# TBA 3102 - Text Analytics
## Practical Lab 09 - Text Summarization and Topic Models (II)
### Question 1 - Topic Modeling
Student: Nicky Ng <br>
GitHub User: [ahjimomo](https://github.com/ahjimomo) <br>
Student Number: A0194330L

### Libraries

In [None]:
# Data Wrangling
import numpy as np
import pandas as pd

# Topic Modeling
import nltk
import gensim

# Tokenizer & Feature Engineering
wtk = nltk.tokenize.RegexpTokenizer(r'\w+')
stop_words = nltk.corpus.stopwords.words('english')
wnl = nltk.stem.wordnet.WordNetLemmatizer()

# Gemsim models
from gensim import corpora, models
from gensim.models import CoherenceModel
from gensim.models.ldamodel import LdaModel
from gensim.models.lsimodel import LsiModel

# Parameters Tuning
from sklearn.model_selection import GridSearchCV, RandomizedSearchCV, ParameterGrid

# Display DF
from IPython.core.display import HTML
pd.set_option('display.max_columns', None)
pd.set_option('display.max_rows', None)
pd.set_option('display.width', None)
pd.set_option('max_colwidth', None)
display(HTML("<style>pre { white-space: pre !important; }</style>"))

### Import dataset

In [None]:
# Import cleaned dataset
raw_df = pd.read_csv('./data/voted-kaggled-dataset-cleaned.csv')
raw_df.info()

### Feature Engineering to prepare features

In [None]:
def normalize_corpus(descriptions):
    
    norm_description = []
    
    for description in descriptions:
        
        desc_tokens = [token.strip() for token in wtk.tokenize(description)]    
        desc_tokens = [wnl.lemmatize(token) for token in desc_tokens if not token.isnumeric()]
        desc_tokens = [token for token in desc_tokens if len(token) > 1]
        desc_tokens = [token for token in desc_tokens if token not in stop_words]
        desc_tokens = list(filter(None, desc_tokens))
        
        norm_description.append(desc_tokens)
    
    return norm_description

In [None]:
processed_desc = list(raw_df['Cleaned_Description'])
norm_desc = normalize_corpus(processed_desc)
raw_df['normalized_description'] = norm_desc

In [None]:
raw_df.info()

In [None]:
# Feature Cleaning
#bigram = gensim.models.Phrases(raw_df['normalized_description'], min_count = 20, threshold = 20, delimiter  = '_')
#bigram_model = gensim.models.phrases.Phraser(bigram)
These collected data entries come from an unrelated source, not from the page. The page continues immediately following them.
lemma dixon_term_recurrence:
  "of_int ((a+1) * (a+b+1) * (a+c+1)) * dixon_term (a+1) b c k - of_int (a+b+c+1) * dixon_term a b c k
     = dixon_certificate a b c (k+1) - dixon_certificate a b c k"
proof -
  have shifts:
    "invfact (a + k) = of_int (a+1+k) * invfact (a+1+k)"
    "invfact (a - k) = of_int (a+1-k) * invfact (a+1-k)"
    "invfact (b + k) = of_int (b+1+k) * invfact (b+1+k)"
    "invfact (b - k) = of_int (b+1-k) * invfact (b+1-k)"
    "invfact (c + k) = of_int (c+1+k) * invfact (c+1+k)"
    "invfact (c - k) = of_int (c+1-k) * invfact (c+1-k)"
    "invfact (a + 1 - (k+1)) = of_int (a+1-k) * invfact (a+1-k)"
    "invfact (b + (k+1) - 1) = of_int (b+1+k) * invfact (b+1+k)"
    "invfact (c + (k+1) - 1) = of_int (c+1+k) * invfact (c+1+k)"
    "invfact (b - (k+1)) = of_int (b-k) * of_int (b+1-k) * invfact (b+1-k)"
    "invfact (c - (k+1)) = of_int (c-k) * of_int (c+1-k) * invfact (c+1-k)"
    "invfact (b + k - 1) = of_int (b+k) * of_int (b+1+k) * invfact (b+1+k)"
    "invfact (c + k - 1) = of_int (c+k) * of_int (c+1+k) * invfact (c+1+k)"
    by (rule invfact_succ invfact_succ2; simp)+
  have sign: "(-1::real) powi (k + 1) = - ((-1) powi k)" by (simp add: power_int_add)
  have args: "a + (k + 1) = a + 1 + k" by simp
  show ?thesis
    unfolding dixon_term_def dixon_certificate_def shifts sign args
      of_int_add of_int_diff of_int_mult of_int_1
    by algebra
qed

definition dixon_value :: "nat \<Rightarrow> nat \<Rightarrow> nat \<Rightarrow> real" where
  "dixon_value a b c = fact (a + b + c) * invfact (int a) * invfact (int b) * invfact (int c)
     * invfact (int a + int b) * invfact (int b + int c) * invfact (int c + int a)"

lemma dixon_value_recurrence:
  "of_int (int a + int b + int c + 1) * dixon_value a b c
     = of_int ((int a + 1) * (int a + int b + 1) * (int a + int c + 1)) * dixon_value (Suc a) b c"
proof -
  have "invfact (int a) = of_int (int (Suc a)) * invfact (int (Suc a))"
    "invfact (int a + int b) = of_int (int (Suc a) + int b) * invfact (int (Suc a) + int b)"
    "invfact (int c + int a) = of_int (int c + int (Suc a)) * invfact (int c + int (Suc a))"
    by (rule invfact_succ; simp)+
  then show ?thesis
    unfolding dixon_value_def by (simp add: algebra_simps)
qed

lemma dixon_identity:
  assumes "int a \<le> N"
  shows "(\<Sum>k = -N..N. dixon_term (int a) (int b) (int c) k) = dixon_value a b c"
  using assms
proof (induction a arbitrary: N)
  case 0
  have "dixon_term 0 (int b) (int c) k = (if k = 0 then (invfact (int b) * invfact (int c))\<^sup>2 else 0)" for k
    using invfact_neg[of k] invfact_neg[of "-k"]
    by (cases k "0::int" rule: linorder_cases) (auto simp: dixon_term_def power2_eq_square)
  with 0 show ?case
    using fact_mult_invfact[of "b + c"] by (simp add: dixon_value_def power2_eq_square)
next
  case (Suc a)
  let ?a = "int a" and ?b = "int b" and ?c = "int c"
  let ?p = "of_int ((?a + 1) * (?a + ?b + 1) * (?a + ?c + 1)) :: real"
  have "?p * (\<Sum>k = -N..N. dixon_term (?a + 1) ?b ?c k)
      - of_int (?a + ?b + ?c + 1) * (\<Sum>k = -N..N. dixon_term ?a ?b ?c k)
      = (\<Sum>k = -N..N. dixon_certificate ?a ?b ?c (k + 1) - dixon_certificate ?a ?b ?c k)"
    by (simp add: sum_distrib_left flip: sum_subtractf dixon_term_recurrence)
  also have "\<dots> = 0"
    using Suc.prems by (subst sum_int_telescope) (simp_all add: dixon_certificate_def invfact_neg)
  finally have "?p * (\<Sum>k = -N..N. dixon_term (?a + 1) ?b ?c k)
      = of_int (?a + ?b + ?c + 1) * dixon_value a b c"
    using Suc.IH[of N] Suc.prems by simp
  also have "\<dots> = ?p * dixon_value (Suc a) b c"
    by (rule dixon_value_recurrence)
  finally show ?case
    by (simp add: add_ac)
qed

definition triple_binom :: "nat \<Rightarrow> nat \<Rightarrow> nat \<Rightarrow> int \<Rightarrow> real" where
  "triple_binom l m n k = fact (l + m) * fact (m + n) * fact (n + l)
     * invfact (int l + k) * invfact (int l - k) * invfact (int m + k) * invfact (int m - k)
     * invfact (int n + k) * invfact (int n - k)"

definition triple_binom_term :: "nat \<Rightarrow> nat \<Rightarrow> nat \<Rightarrow> int \<Rightarrow> nat \<Rightarrow> real" where
  "triple_binom_term l m n k j = fact (l + m + n - j) * invfact (int l - int j) * invfact (int m - int j)
     * invfact (int n - int j) * invfact (int j - k) * invfact (int j + k)"

definition triple_binom_certificate :: "nat \<Rightarrow> nat \<Rightarrow> nat \<Rightarrow> int \<Rightarrow> nat \<Rightarrow> real" where
  "triple_binom_certificate l m n k j = - fact (l + m + n + 1 - j) * invfact (int l + 1 - int j)
     * invfact (int m - int j) * invfact (int n - int j) * invfact (int j - 1 - k) * invfact (int j - 1 + k)"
# Creating both unigram & bigram
#norm_corpus = []
#for doc in raw_df['normalized_description']:
#    bigram_doc = bigram_model[doc]
#    norm_corpus.append(bigram_doc)
#print(bigram_doc)

# Create a dictionary representation of the document of unigram
dictionary = gensim.corpora.Dictionary(norm_desc)

# Filter out words that occur less than 20 documents, or more than 60% of the documents.
dictionary.filter_extremes(no_below = 20, no_above = 0.6)

# Transforming corpus into bag of words vectors
bow_corpus = [dictionary.doc2bow(text) for text in norm_corpus]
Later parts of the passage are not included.